# PROVIDED INFORMATION
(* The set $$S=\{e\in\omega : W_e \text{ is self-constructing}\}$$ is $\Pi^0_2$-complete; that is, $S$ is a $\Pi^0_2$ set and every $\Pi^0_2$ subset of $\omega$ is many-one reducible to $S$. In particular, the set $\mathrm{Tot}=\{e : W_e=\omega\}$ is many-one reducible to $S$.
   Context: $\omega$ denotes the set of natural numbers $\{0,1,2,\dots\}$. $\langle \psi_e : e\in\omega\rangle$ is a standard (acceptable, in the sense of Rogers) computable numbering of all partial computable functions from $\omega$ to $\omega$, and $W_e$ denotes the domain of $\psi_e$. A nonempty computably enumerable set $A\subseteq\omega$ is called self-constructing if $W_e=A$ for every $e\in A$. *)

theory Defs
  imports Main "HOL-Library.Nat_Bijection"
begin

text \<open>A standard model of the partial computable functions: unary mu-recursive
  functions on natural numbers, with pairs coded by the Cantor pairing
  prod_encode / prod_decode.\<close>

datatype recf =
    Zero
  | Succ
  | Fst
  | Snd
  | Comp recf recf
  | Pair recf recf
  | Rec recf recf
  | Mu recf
---
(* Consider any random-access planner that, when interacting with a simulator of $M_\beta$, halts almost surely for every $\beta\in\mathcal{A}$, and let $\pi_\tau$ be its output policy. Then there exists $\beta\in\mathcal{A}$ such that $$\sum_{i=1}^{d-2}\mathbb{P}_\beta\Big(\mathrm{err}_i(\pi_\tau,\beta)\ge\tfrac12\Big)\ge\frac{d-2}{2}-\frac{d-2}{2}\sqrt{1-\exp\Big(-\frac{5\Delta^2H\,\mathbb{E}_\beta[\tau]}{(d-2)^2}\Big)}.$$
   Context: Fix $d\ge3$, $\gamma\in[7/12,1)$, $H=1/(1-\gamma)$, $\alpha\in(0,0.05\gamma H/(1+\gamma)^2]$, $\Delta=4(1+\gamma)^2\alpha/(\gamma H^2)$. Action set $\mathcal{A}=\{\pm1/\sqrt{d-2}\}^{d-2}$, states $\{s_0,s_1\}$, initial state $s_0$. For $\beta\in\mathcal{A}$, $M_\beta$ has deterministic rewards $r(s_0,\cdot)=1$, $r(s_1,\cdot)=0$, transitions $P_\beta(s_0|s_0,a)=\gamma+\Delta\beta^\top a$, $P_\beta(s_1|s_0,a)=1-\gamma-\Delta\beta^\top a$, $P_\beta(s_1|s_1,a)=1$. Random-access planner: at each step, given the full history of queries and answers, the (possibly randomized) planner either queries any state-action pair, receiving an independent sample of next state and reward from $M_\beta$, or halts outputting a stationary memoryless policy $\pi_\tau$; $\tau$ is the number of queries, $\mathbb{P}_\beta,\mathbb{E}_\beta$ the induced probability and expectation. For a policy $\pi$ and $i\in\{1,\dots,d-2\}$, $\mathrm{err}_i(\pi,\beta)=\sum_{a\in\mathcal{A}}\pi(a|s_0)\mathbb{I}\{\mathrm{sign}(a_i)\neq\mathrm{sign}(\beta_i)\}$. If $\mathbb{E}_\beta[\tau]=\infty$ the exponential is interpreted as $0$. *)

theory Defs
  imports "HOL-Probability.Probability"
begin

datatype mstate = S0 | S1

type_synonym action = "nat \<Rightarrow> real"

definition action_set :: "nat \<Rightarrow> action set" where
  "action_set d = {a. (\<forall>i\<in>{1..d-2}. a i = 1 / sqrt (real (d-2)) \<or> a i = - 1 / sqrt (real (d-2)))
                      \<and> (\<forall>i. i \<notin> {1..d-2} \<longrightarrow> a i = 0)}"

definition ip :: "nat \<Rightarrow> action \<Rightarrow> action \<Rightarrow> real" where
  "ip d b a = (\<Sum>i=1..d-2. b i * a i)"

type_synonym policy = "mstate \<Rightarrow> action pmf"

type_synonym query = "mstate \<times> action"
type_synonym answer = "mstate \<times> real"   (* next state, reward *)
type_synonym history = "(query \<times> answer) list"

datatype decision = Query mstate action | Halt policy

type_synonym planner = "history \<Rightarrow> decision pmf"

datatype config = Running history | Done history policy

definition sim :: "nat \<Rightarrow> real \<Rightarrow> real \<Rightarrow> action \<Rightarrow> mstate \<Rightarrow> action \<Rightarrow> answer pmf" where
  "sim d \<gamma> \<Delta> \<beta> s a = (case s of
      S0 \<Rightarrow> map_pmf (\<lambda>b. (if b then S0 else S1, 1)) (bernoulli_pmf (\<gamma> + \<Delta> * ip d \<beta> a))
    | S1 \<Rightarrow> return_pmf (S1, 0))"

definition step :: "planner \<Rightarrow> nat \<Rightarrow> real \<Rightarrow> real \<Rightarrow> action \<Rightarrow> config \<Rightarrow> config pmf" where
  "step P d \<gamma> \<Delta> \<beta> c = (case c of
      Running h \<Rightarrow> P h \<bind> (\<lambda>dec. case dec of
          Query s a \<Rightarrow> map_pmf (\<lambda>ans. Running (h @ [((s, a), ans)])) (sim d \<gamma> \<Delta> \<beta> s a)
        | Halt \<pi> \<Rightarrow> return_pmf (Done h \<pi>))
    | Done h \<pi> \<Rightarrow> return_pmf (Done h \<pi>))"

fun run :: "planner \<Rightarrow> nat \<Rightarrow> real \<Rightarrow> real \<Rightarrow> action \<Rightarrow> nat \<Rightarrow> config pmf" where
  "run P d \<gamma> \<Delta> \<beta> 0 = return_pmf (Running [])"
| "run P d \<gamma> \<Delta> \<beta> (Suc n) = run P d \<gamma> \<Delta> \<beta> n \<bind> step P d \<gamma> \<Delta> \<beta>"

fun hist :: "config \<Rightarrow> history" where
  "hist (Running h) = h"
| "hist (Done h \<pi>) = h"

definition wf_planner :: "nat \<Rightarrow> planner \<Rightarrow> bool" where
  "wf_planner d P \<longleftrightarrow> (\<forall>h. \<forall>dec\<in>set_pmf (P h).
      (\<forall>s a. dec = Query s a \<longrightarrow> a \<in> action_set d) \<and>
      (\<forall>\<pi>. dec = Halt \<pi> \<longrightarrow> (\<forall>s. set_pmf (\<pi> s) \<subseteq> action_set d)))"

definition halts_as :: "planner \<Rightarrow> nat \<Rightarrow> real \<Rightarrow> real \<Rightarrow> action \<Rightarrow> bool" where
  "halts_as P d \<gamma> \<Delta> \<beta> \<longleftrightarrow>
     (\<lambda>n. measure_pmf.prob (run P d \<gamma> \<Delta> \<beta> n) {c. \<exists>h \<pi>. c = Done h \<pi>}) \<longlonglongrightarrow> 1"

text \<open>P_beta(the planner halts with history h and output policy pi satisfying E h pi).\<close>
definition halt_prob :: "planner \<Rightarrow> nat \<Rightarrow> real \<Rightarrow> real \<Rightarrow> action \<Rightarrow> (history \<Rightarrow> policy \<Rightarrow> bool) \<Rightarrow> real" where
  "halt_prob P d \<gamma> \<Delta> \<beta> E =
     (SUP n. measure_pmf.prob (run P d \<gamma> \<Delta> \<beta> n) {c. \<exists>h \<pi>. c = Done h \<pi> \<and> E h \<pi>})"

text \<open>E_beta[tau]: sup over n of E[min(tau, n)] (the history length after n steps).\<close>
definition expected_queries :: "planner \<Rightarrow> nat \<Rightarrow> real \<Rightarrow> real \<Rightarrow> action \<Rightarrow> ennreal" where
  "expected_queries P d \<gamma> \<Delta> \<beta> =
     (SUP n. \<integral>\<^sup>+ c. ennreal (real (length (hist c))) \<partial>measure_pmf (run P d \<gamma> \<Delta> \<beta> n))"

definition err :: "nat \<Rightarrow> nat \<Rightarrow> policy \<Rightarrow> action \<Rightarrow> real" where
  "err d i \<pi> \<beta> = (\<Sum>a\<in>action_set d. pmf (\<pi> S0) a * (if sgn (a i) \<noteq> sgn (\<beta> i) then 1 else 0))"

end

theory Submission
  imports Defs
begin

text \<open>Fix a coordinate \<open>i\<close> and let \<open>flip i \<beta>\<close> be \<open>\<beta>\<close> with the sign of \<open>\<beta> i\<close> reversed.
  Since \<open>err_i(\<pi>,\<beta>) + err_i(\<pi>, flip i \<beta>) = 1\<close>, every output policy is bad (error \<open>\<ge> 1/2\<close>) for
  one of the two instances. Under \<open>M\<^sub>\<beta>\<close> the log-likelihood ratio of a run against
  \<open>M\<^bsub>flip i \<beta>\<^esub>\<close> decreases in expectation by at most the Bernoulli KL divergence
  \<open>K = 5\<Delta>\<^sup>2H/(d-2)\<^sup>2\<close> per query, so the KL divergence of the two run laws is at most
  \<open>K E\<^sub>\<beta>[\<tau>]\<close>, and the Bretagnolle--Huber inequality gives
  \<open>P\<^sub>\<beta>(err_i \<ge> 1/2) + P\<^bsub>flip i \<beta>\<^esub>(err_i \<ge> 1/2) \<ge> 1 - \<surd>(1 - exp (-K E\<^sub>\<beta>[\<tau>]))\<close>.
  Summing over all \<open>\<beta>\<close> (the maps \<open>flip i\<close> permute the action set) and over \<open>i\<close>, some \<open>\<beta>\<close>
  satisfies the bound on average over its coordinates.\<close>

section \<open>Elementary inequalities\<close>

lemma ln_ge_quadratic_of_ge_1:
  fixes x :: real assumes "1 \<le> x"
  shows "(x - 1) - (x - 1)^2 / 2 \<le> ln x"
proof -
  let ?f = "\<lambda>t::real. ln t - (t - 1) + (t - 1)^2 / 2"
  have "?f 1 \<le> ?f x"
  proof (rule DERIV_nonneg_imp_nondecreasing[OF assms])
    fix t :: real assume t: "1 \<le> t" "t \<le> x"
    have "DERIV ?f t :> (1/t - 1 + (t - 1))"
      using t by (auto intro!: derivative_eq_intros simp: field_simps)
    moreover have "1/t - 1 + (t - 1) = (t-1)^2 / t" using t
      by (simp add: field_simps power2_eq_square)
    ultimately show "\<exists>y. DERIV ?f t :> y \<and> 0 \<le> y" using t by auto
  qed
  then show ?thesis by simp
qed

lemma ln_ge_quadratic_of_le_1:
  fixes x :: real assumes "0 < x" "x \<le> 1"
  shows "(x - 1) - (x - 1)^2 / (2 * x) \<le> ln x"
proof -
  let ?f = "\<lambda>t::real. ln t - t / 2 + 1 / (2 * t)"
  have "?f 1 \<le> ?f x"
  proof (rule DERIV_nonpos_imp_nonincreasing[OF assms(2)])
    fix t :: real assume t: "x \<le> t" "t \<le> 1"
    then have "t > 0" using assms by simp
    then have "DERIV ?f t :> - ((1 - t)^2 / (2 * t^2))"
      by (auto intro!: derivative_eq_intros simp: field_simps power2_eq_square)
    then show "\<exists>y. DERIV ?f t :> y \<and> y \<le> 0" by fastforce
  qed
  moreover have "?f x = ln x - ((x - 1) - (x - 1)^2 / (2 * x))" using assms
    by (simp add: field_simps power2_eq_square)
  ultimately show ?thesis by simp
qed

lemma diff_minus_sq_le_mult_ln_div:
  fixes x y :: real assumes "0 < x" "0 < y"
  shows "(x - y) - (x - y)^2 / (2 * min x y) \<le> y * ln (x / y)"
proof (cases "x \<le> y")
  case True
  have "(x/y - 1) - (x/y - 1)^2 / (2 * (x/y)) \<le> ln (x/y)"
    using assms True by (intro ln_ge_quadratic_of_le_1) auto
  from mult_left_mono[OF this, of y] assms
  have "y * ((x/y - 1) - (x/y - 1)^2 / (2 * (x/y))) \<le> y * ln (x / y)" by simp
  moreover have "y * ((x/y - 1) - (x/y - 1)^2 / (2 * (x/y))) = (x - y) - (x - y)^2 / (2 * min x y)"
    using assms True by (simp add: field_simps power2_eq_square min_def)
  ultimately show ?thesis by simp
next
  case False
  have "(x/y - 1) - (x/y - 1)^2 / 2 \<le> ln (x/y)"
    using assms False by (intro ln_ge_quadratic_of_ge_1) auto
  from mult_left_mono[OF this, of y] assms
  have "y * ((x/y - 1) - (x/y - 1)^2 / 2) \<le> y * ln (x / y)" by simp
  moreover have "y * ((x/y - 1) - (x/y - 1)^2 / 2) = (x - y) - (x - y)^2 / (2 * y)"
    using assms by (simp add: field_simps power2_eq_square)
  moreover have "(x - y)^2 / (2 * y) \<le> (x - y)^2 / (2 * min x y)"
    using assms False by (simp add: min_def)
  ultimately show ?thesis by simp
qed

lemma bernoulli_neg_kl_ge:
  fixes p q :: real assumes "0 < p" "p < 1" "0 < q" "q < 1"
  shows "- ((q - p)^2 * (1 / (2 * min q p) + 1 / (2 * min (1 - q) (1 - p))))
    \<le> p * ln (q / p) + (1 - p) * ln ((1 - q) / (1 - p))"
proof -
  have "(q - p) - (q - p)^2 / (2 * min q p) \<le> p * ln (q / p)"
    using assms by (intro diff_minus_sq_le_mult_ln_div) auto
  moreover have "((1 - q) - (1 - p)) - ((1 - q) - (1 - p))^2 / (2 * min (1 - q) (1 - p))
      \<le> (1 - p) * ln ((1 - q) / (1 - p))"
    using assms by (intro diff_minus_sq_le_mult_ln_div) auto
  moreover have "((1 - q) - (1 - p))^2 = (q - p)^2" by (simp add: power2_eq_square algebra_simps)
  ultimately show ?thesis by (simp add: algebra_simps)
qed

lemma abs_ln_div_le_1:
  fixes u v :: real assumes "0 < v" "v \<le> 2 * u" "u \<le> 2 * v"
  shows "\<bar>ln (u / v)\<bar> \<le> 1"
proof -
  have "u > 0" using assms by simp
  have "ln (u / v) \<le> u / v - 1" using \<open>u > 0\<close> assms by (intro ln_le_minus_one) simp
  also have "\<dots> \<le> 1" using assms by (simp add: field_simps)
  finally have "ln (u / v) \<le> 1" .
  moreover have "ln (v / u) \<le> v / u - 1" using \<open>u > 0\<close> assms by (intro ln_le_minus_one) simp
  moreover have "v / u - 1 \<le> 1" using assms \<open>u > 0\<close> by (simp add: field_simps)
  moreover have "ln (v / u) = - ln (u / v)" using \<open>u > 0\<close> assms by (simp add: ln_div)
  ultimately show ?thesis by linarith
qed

# TASK TO COMPLETE
Using the records above, report each line with the string "mathrm".

# THE ANSWER
(* The set $$S=\{e\in\omega : W_e \text{ is self-constructing}\}$$ is $\Pi^0_2$-complete; that is, $S$ is a $\Pi^0_2$ set and every $\Pi^0_2$ subset of $\omega$ is many-one reducible to $S$. In particular, the set $\mathrm{Tot}=\{e : W_e=\omega\}$ is many-one reducible to $S$.
(* Consider any random-access planner that, when interacting with a simulator of $M_\beta$, halts almost surely for every $\beta\in\mathcal{A}$, and let $\pi_\tau$ be its output policy. Then there exists $\beta\in\mathcal{A}$ such that $$\sum_{i=1}^{d-2}\mathbb{P}_\beta\Big(\mathrm{err}_i(\pi_\tau,\beta)\ge\tfrac12\Big)\ge\frac{d-2}{2}-\frac{d-2}{2}\sqrt{1-\exp\Big(-\frac{5\Delta^2H\,\mathbb{E}_\beta[\tau]}{(d-2)^2}\Big)}.$$
   Context: Fix $d\ge3$, $\gamma\in[7/12,1)$, $H=1/(1-\gamma)$, $\alpha\in(0,0.05\gamma H/(1+\gamma)^2]$, $\Delta=4(1+\gamma)^2\alpha/(\gamma H^2)$. Action set $\mathcal{A}=\{\pm1/\sqrt{d-2}\}^{d-2}$, states $\{s_0,s_1\}$, initial state $s_0$. For $\beta\in\mathcal{A}$, $M_\beta$ has deterministic rewards $r(s_0,\cdot)=1$, $r(s_1,\cdot)=0$, transitions $P_\beta(s_0|s_0,a)=\gamma+\Delta\beta^\top a$, $P_\beta(s_1|s_0,a)=1-\gamma-\Delta\beta^\top a$, $P_\beta(s_1|s_1,a)=1$. Random-access planner: at each step, given the full history of queries and answers, the (possibly randomized) planner either queries any state-action pair, receiving an independent sample of next state and reward from $M_\beta$, or halts outputting a stationary memoryless policy $\pi_\tau$; $\tau$ is the number of queries, $\mathbb{P}_\beta,\mathbb{E}_\beta$ the induced probability and expectation. For a policy $\pi$ and $i\in\{1,\dots,d-2\}$, $\mathrm{err}_i(\pi,\beta)=\sum_{a\in\mathcal{A}}\pi(a|s_0)\mathbb{I}\{\mathrm{sign}(a_i)\neq\mathrm{sign}(\beta_i)\}$. If $\mathbb{E}_\beta[\tau]=\infty$ the exponential is interpreted as $0$. *)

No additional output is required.